**TASK DIRECTIONS:** Once you find the line that contains "(1 + \<rho>)) \<le>" in the entries below, give it again along with every following line, unchanged, through the final one.

**Stored data:**
lemma class_F_Re_log_deriv_deriv_ge:
  assumes F: "class_F \<alpha> h g" and a1: "\<alpha> < 1" and z: "z \<in> ball 0 1"
  shows "- 2 * (1 - \<alpha>) * norm z / (1 + norm z) \<le> Re (z * deriv (deriv h) z / deriv h z)"
proof -
  note cF = class_F_D[OF F]
  define P where "P = (\<lambda>z. (1 + z * deriv (deriv h) z / deriv h z - \<alpha>) / (1 - \<alpha>))"
  have "P holomorphic_on ball 0 1" unfolding P_def
    using cF(1,6) a1 by (auto intro!: holomorphic_intros holomorphic_on_deriv_ball)
  moreover have "0 < Re (P z)" if "z \<in> ball 0 1" for z
    using cF(7)[OF that] a1 by (simp add: P_def Re_divide_of_real flip: of_real_diff)
  moreover have "P 0 = 1" using a1 by (simp add: P_def)
  ultimately have "(1 - norm z) / (1 + norm z) \<le> Re (P z)"
    using Re_ge_of_Re_pos_holomorphic z by blast
  then have "(1 - \<alpha>) * ((1 - norm z) / (1 + norm z)) \<le> (1 - \<alpha>) * Re (P z)"
    using a1 by (intro mult_left_mono) auto
  moreover have "(1 - \<alpha>) * Re (P z) = Re (z * deriv (deriv h) z / deriv h z) + 1 - \<alpha>"
    using a1 by (simp add: P_def Re_divide_of_real flip: of_real_diff)
  moreover have "(1 - \<alpha>) * ((1 - norm z) / (1 + norm z)) = - 2 * (1 - \<alpha>) * norm z / (1 + norm z) + 1 - \<alpha>"
  proof -
    have "0 < 1 + norm z" by (simp add: add_pos_nonneg)
    then show ?thesis by (simp add: field_simps)
  qed
  ultimately show ?thesis by linarith
qed

lemma ln_norm_has_real_derivative:
  fixes f :: "real \<Rightarrow> complex"
  assumes f: "(f has_vector_derivative f') (at t)" and nz: "f t \<noteq> 0"
  shows "((\<lambda>t. ln (norm (f t))) has_real_derivative Re (f' / f t)) (at t)"
proof -
  have "((\<lambda>t. ln (norm (f t))) has_real_derivative
      1 / norm (f t) * (Re (cnj (f t) * f') / norm (f t))) (at t)"
    using DERIV_chain2[OF DERIV_ln_divide norm_has_real_derivative[OF f nz]] nz by simp
  moreover have "f' / f t = cnj (f t) * f' / of_real ((norm (f t))^2)"
    using nz by (simp add: complex_norm_square[unfolded of_real_power] field_simps)
  ultimately show ?thesis by (simp add: Re_divide_of_real power2_eq_square)
qed

lemma has_vector_derivative_radial:
  assumes "(f has_field_derivative f') (at (of_real t * u))"
  shows "((\<lambda>t. f (of_real t * u)) has_vector_derivative u * f') (at t)"
proof -
  have "((\<lambda>t. of_real t * u) has_vector_derivative u) (at t)"
    by (auto intro!: derivative_eq_intros simp flip: has_real_derivative_iff_has_vector_derivative)
  from field_vector_diff_chain_at[OF this assms] show ?thesis by (simp add: o_def)
qed

lemma norm_ge_of_Re_log_deriv_ge:
  fixes f :: "complex \<Rightarrow> complex" and c :: real
  assumes holf: "f holomorphic_on ball 0 1" and nz: "\<And>z. z \<in> ball 0 1 \<Longrightarrow> f z \<noteq> 0"
    and bnd: "\<And>z. z \<in> ball 0 1 \<Longrightarrow> - c * norm z / (1 + norm z) \<le> Re (z * deriv f z / f z)"
    and z: "z \<in> ball 0 1"
  shows "norm (f 0) * (1 + norm z) powr (- c) \<le> norm (f z)"
proof (cases "z = 0")
  case False
  define r where "r = norm z"
  define u where "u = z / of_real r"
  have r: "0 < r" "r < 1" using False z by (auto simp: r_def)
  have u: "norm u = 1" and z_eq: "z = of_real r * u" using r by (auto simp: u_def r_def norm_divide)
  have inD: "of_real \<rho> * u \<in> ball 0 1" if "0 \<le> \<rho>" "\<rho> \<le> r" for \<rho>
    using that r u by (simp add: norm_mult)
  define \<psi> where "\<psi> = (\<lambda>\<rho>. ln (norm (f (of_real \<rho> * u))) + c * ln (1 + \<rho>))"
  have "\<psi> 0 \<le> \<psi> r"
  proof (rule DERIV_nonneg_imp_increasing_open[of 0 r])
    have "continuous_on {0..r} (\<lambda>\<rho>. f (of_real \<rho> * u))"
      by (rule continuous_on_compose2[OF holomorphic_on_imp_continuous_on[OF holf]])
         (use inD in \<open>auto intro!: continuous_intros\<close>)
    then show "continuous_on {0..r} \<psi>" unfolding \<psi>_def
      using nz inD by (auto intro!: continuous_intros)
  next
    fix \<rho> assume \<rho>: "0 < \<rho>" "\<rho> < r"
    define Z where "Z = of_real \<rho> * u"
    have Z: "Z \<in> ball 0 1" "f Z \<noteq> 0" "norm Z = \<rho>" using inD nz \<rho> u by (auto simp: Z_def norm_mult)
    have "(f has_field_derivative deriv f Z) (at Z)"
      using holomorphic_derivI[OF holf _ Z(1)] by simp
    then have "((\<lambda>\<rho>. ln (norm (f (of_real \<rho> * u)))) has_real_derivative Re (u * deriv f Z / f Z)) (at \<rho>)"
      using ln_norm_has_real_derivative[OF has_vector_derivative_radial] Z by (simp add: Z_def)
    moreover have "((\<lambda>\<rho>. c * ln (1 + \<rho>)) has_real_derivative c * (1 / (1 + \<rho>))) (at \<rho>)"
      using \<rho> by (auto intro!: derivative_eq_intros)
    ultimately have "(\<psi> has_real_derivative Re (u * deriv f Z / f Z) + c * (1 / (1 + \<rho>))) (at \<rho>)"
      unfolding \<psi>_def by (rule DERIV_add)
    moreover have "- c / (1 + \<rho>) \<le> Re (u * deriv f Z / f Z)"
    proof -
      have "Z * deriv f Z / f Z = of_real \<rho> * (u * deriv f Z / f Z)"
        by (simp add: Z_def)
      then have "Re (Z * deriv f Z / f Z) = \<rho> * Re (u * deriv f Z / f Z)"
        by (simp del: times_divide_eq_right)
      then have "\<rho> * (- c / (1 + \<rho>)) \<le> \<rho> * Re (u * deriv f Z / f Z)"
        using bnd[OF Z(1)] Z(3) by (simp add: mult.commute)
      then show ?thesis using \<rho> by (simp only: mult_le_cancel_left_pos)
    qed
    ultimately show "\<exists>y. (\<psi> has_real_derivative y) (at \<rho>) \<and> 0 \<le> y" by force
  qed (use r in simp)
  then have "ln (norm (f 0)) - c * ln (1 + r) \<le> ln (norm (f z))"
    by (simp add: \<psi>_def z_eq)
  then have "exp (ln (norm (f 0)) - c * ln (1 + r)) \<le> norm (f z)"
    using nz z by (metis exp_le_cancel_iff exp_ln zero_less_norm_iff)
  moreover have "exp (ln (norm (f 0)) - c * ln (1 + r)) = norm (f 0) * (1 + r) powr (- c)"
    using nz[of 0] r by (simp add: exp_diff powr_def exp_minus divide_inverse)
  ultimately show ?thesis by (simp add: r_def)
qed simp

**ANSWER FOR THE TASK:**
      then have "\<rho> * (- c / (1 + \<rho>)) \<le> \<rho> * Re (u * deriv f Z / f Z)"
        using bnd[OF Z(1)] Z(3) by (simp add: mult.commute)
      then show ?thesis using \<rho> by (simp only: mult_le_cancel_left_pos)
    qed
    ultimately show "\<exists>y. (\<psi> has_real_derivative y) (at \<rho>) \<and> 0 \<le> y" by force
  qed (use r in simp)
  then have "ln (norm (f 0)) - c * ln (1 + r) \<le> ln (norm (f z))"
    by (simp add: \<psi>_def z_eq)
  then have "exp (ln (norm (f 0)) - c * ln (1 + r)) \<le> norm (f z)"
    using nz z by (metis exp_le_cancel_iff exp_ln zero_less_norm_iff)
  moreover have "exp (ln (norm (f 0)) - c * ln (1 + r)) = norm (f 0) * (1 + r) powr (- c)"
    using nz[of 0] r by (simp add: exp_diff powr_def exp_minus divide_inverse)
  ultimately show ?thesis by (simp add: r_def)
qed simp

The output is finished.